> **Given entries**

lemma supported_extend:
  assumes sup: "supported dn f" and ns: "ns = dn @ i # is" and dn: "dn \<noteq> []"
    and g: "g \<in> set_pmf (\<mu> (B i))" and agree: "g |` (B i \<inter> B (parent i)) = f |` (B i \<inter> B (parent i))"
  shows "supported (dn @ [i]) (f ++ g |` (B i - B (parent i)))"
proof -
  let ?f = "f ++ g |` (B i - B (parent i))"
  note split = order_split[OF ns dn]
  have "?f |` B i = g" if "B i \<noteq> {}"
  proof
    fix x
    have "dom g = B i" using bag_dom split(1) g that by blast
    then have "g x \<noteq> None \<longleftrightarrow> x \<in> B i" by (metis domIff)
    moreover have "f x = g x" if "x \<in> B i \<inter> B (parent i)"
      using agree that by (metis restrict_in)
    ultimately show "(?f |` B i) x = g x"
      by (cases "x \<in> B i"; cases "x \<in> B (parent i)") (auto simp: map_add_def split: option.split)
  qed
  moreover have "?f |` B k = f |` B k" if k: "k \<in> set dn" for k
  proof
    fix x
    consider "x \<notin> B k" | "x \<notin> B i - B (parent i)"
      using bag_inter_processed_subset_parent[OF ns dn k] by blast
    then show "(?f |` B k) x = (f |` B k) x" by cases (auto simp: map_add_def restrict_map_def)
  qed
  ultimately show ?thesis using sup g unfolding supported_def by auto
qed

lemma sc_steps_dom:
  "set is \<subseteq> I \<Longrightarrow> dom f \<subseteq> V \<Longrightarrow> h \<in> set_pmf (sc_steps is \<mu> B TE dn f) \<Longrightarrow> dom h \<subseteq> V"
proof (induction "is" arbitrary: dn f)
  case (Cons i "is")
  then obtain X g where "h \<in> set_pmf (sc_steps is \<mu> B TE (dn @ [i]) (f ++ g |` (B i - X)))"
    unfolding sc_steps.simps Let_def set_bind_pmf by blast
  moreover have "dom (f ++ g |` (B i - X)) \<subseteq> V" using Cons.prems bag_subset by auto
  moreover have "set is \<subseteq> I" using Cons.prems(1) by simp
  ultimately show ?case using Cons.IH by blast
qed simp

lemma sc_round_dom: "h \<in> set_pmf (sc_round \<mu> B TE ns) \<Longrightarrow> dom h \<subseteq> V"
proof -
  assume "h \<in> set_pmf (sc_round \<mu> B TE ns)"
  then obtain g where h: "h \<in> set_pmf (sc_steps (tl ns) \<mu> B TE [hd ns] (g |` B (hd ns)))"
    unfolding sc_round_def set_bind_pmf by blast
  have "hd ns = i0" "set ns = I" "ns \<noteq> []" using order unfolding sc_order_def by auto
  then have "set (tl ns) \<subseteq> I" "dom (g |` B (hd ns)) \<subseteq> V"
    using bag_subset root by (auto simp: list.set_sel(2))
  then show ?thesis using sc_steps_dom h by blast
qed

end

locale sc_dummy = sc_setting +
  fixes e
  assumes dummy_fresh: "e \<notin> V"
begin

lemma sc_steps_dummy:
  "ns = dn @ is \<Longrightarrow> dn \<noteq> [] \<Longrightarrow> supported dn f \<Longrightarrow>
   sc_steps is (dummy_family e \<mu>) (\<lambda>i. insert e (B i)) TE dn (dummy_ext e b f)
     = map_pmf (dummy_ext e b) (sc_steps is \<mu> B TE dn f)"
proof (induction "is" arbitrary: dn f)
  case (Cons i "is")
  then have ns: "ns = dn @ i # is" by simp
  note split = order_split[OF ns Cons.prems(2)]
  define Bp where "Bp = B i \<inter> B (parent i)"
  define A where "A = {g. g |` Bp = f |` Bp}"
  have Bm: "B i - Bp = B i - B (parent i)" and Bp_sub: "Bp \<subseteq> B i" unfolding Bp_def by auto
  have eBi: "e \<notin> B i" using split(1) bag_subset dummy_fresh by auto
  have ne: "set_pmf (\<mu> (B i)) \<inter> A \<noteq> {}"
    unfolding A_def Bp_def
    using supported_agreement_possible[OF Cons.prems(3)] parent_processed[OF ns Cons.prems(2)] split
    by blast
  have "sc_steps is (dummy_family e \<mu>) (\<lambda>i. insert e (B i)) TE (dn @ [i])
      (dummy_ext e b f ++ dummy_ext e b (g |` B i) |` (B i - Bp))
    = map_pmf (dummy_ext e b) (sc_steps is \<mu> B TE (dn @ [i]) (f ++ g |` (B i - Bp)))"
    if "g \<in> set_pmf (cond_pmf (\<mu> (B i)) A)" for g
  proof -
    have "supported (dn @ [i]) (f ++ g |` (B i - Bp))"
      unfolding Bm
      by (rule supported_extend[OF Cons.prems(3) ns Cons.prems(2)])
        (use that ne in \<open>auto simp: A_def Bp_def\<close>)
    moreover have "(g |` B i) |` (B i - Bp) = g |` (B i - Bp)" by (simp add: Int_absorb1)
    ultimately show ?thesis
      using Cons.IH[of "dn @ [i]"] ns eBi by (simp add: dummy_ext_map_add_restrict)
  qed
  moreover have "insert e (B i) \<inter> insert e (B (parent i)) = insert e Bp"
    "insert e (B i) - insert e Bp = B i - Bp" using eBi unfolding Bp_def by auto
  ultimately show ?case
    using some_processed_neighbour[OF ns Cons.prems(2)]
    by (simp add: Let_def Bp_def[symmetric] A_def[symmetric] bind_map_pmf map_bind_pmf
        cond_dummy_family_insert[where \<mu> = \<mu>, OF eBi Bp_sub ne[unfolded A_def]]
        cong: bind_pmf_cong)
qed simp

lemma sc_round_dummy:
  "sc_round (dummy_family e \<mu>) (\<lambda>i. insert e (B i)) TE ns
     = bind_pmf coin (\<lambda>b. map_pmf (dummy_ext e b) (sc_round \<mu> B TE ns))"
proof -
  have hd: "hd ns = i0" and ns: "ns = [i0] @ tl ns"
    using order unfolding sc_order_def by (auto intro: hd_Cons_tl[symmetric])
  have eB: "e \<notin> B i0" using bag_subset root dummy_fresh by auto
  have "supported [i0] (g |` B i0)" if "g \<in> set_pmf (\<mu> (B i0))" for g
    using bag_dom[OF root that] by (auto simp: supported_def restrict_map_dom_subset that)
  then have "sc_steps (tl ns) (dummy_family e \<mu>) (\<lambda>i. insert e (B i)) TE [i0] (dummy_ext e b (g |` B i0))
     = map_pmf (dummy_ext e b) (sc_steps (tl ns) \<mu> B TE [i0] (g |` B i0))"
    if "g \<in> set_pmf (\<mu> (B i0))" for b g
    using sc_steps_dummy[OF ns] that by simp
  then show ?thesis
    unfolding sc_round_def hd dummy_family_insert[OF eB] pair_pmf_def
    by (simp add: bind_map_pmf map_bind_pmf bind_assoc_pmf bind_return_pmf dummy_ext_restrict_in eB
        cong: bind_pmf_cong)
qed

> **What needs to be done**
Check every line of the records above for the string "where". Copy those that hold it.

> **Problem solution**
  then obtain X g where "h \<in> set_pmf (sc_steps is \<mu> B TE (dn @ [i]) (f ++ g |` (B i - X)))"
  then obtain g where h: "h \<in> set_pmf (sc_steps (tl ns) \<mu> B TE [hd ns] (g |` B (hd ns)))"
  define Bp where "Bp = B i \<inter> B (parent i)"
  define A where "A = {g. g |` Bp = f |` Bp}"
        cond_dummy_family_insert[where \<mu> = \<mu>, OF eBi Bp_sub ne[unfolded A_def]]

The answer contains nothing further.